RNA editing is believed to play a crucial role in the development and function of cephalopod nervous systems. A past study by Rosenthal and Garret10 which investigated the effect of temperature on coleoid proteins further supported this new research. Low temperatures affect the function of certain proteins and in the case of the nervous system, the speed of protein function is crucial. Potassium channels in the cell membrane of neurones allow ions to enter and leave the cell thus making them important in regulating signal transmission. Colder temperatures slow the closing of these protein channels and hinder the ability of neurons to fire again and so has major effects on the speed of signal transmission11. It was hypothesised octopi that inhabit colder environments have adapted to have modified protein channels which have a lower optimum temperature. What surprised molecular neurophysiologist Joshua Rosenthal and his team was the fact that these changes were not occurring at the level of the gene but rather at an mRNA level.
They compared the genes of two species of octopi that had adapted to different habitats10: the first from the Antarctic seas and the second is native to the Puerto Rican reef. Contrary to the hypothesis, it was found that the potassium channel genes were identical across both species. This was incredibly surprising as if potassium channel proteins from the tropical octopus were in the environment of the Southern Ocean, the channel would close 60 times slower and would be detrimental to the speed of signal transmission. When the researchers genetically modified frog oocytes to contain these genes and express them in their membranes to measure the electrical activity of the channels, they were shocked to find that they functioned in the same way. This phenomenon was explained by RNA editing. Despite having identical genes, they were expressed in different ways causing two different proteins adapted to different temperatures. Each species showed strong editing of RNA. For example, the Antarctic octopus had a changed underlying amino acid sequence of the protein by editing the RNA at nine different sites, and tropical octopus had 10 sites edited with this result. This is just one example of how cephalopods can diversify their neuronal proteome without changing the genetic sequence, and there may be more instances of this that we are not yet aware of.
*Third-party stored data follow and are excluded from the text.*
(* The tail-sum formula E[\<ell>] = \<Sum>_t P(\<ell> > t) on finite parts of X_{k+1}, combined with the
   previous bound and a split by the exact number of distinct letters. *)
lemma Xseq_length_sum:
  assumes "n > 0" "finite F" "F \<subseteq> Xseq n (Suc k)" "\<And>x. x \<in> F \<Longrightarrow> length x \<le> N"
  shows "(\<Sum>x\<in>F. real (length x) * (1 / real n) ^ length x) \<le> (\<Sum>j\<le>k. occupation n j N)"
proof -
  have lengths: "real (length x) = (\<Sum>t\<in>{t \<in> {..<N}. t < length x}. 1)" if "x \<in> F" for x
  proof -
    have "{t \<in> {..<N}. t < length x} = {..<length x}"
      using assms(4)[OF that] by auto
    then show ?thesis by simp
  qed
  have "(\<Sum>x\<in>F. real (length x) * (1 / real n) ^ length x)
      = (\<Sum>x\<in>F. \<Sum>t\<in>{t \<in> {..<N}. t < length x}. (1 / real n) ^ length x)"
    by (intro sum.cong refl) (simp add: lengths)
  also have "\<dots> = (\<Sum>t<N. \<Sum>x\<in>{x \<in> F. t < length x}. (1 / real n) ^ length x)"
    using assms(2) by (rule sum.swap_restrict) simp
  also have "\<dots> \<le> (\<Sum>t<N. real (card {w \<in> words n t. card (set w) \<le> k}) * (1 / real n) ^ t)"
    using Xseq_mass_beyond[OF assms(1-3)] by (rule sum_mono)
  also have "\<dots> = (\<Sum>t<N. \<Sum>j\<le>k. real (nwords n j t) * (1 / real n) ^ t)"
  proof (intro sum.cong refl)
    fix t
    have "card {w \<in> words n t. card (set w) \<le> k} = (\<Sum>j\<le>k. nwords n j t)"
    proof -
      have "{w \<in> words n t. card (set w) \<le> k} = (\<Union>j\<le>k. {w \<in> words n t. card (set w) = j})"
        by auto
      then show ?thesis
        unfolding nwords_def by (simp only:) (rule card_UN_disjoint, auto)
    qed
    then show "real (card {w \<in> words n t. card (set w) \<le> k}) * (1 / real n) ^ t
        = (\<Sum>j\<le>k. real (nwords n j t) * (1 / real n) ^ t)"
      by (simp add: sum_distrib_right)
  qed
  also have "\<dots> = (\<Sum>j\<le>k. occupation n j N)"
    unfolding occupation_def by (rule sum.swap)
  finally show ?thesis .
qed

lemma nonneg_infsum_le:
  fixes f :: "'a \<Rightarrow> real"
  assumes "\<And>x. x \<in> A \<Longrightarrow> 0 \<le> f x" "\<And>F. finite F \<Longrightarrow> F \<subseteq> A \<Longrightarrow> sum f F \<le> B"
  shows "f summable_on A" "infsum f A \<le> B"
proof -
  have "bdd_above (sum f ` {F. F \<subseteq> A \<and> finite F})"
    using assms(2) by (intro bdd_aboveI2[where M = B]) auto
  then show summable: "f summable_on A"
    using assms(1) nonneg_bdd_above_summable_on by blast
  show "infsum f A \<le> B"
    using summable assms(2) by (rule infsum_le_finite_sums)
qed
Unsurprisingly, this unique method of increasing protein diversity has a catch – it slows down the rate of evolution of these species. To maintain the flexibility of RNA editing, these regions must be relatively unchanging6. In order for RNA editing to occur, dsRNA structures must be made for the ADAR enzymes12. The maintenance of these structures requires the underlying DNA sequences to be highly conserved. Thus, although different species appear to have great variations in adaptations, their genomes do not reflect this diversity. These discoveries are examples that our understanding of evolution and adaptation is still vastly incomplete.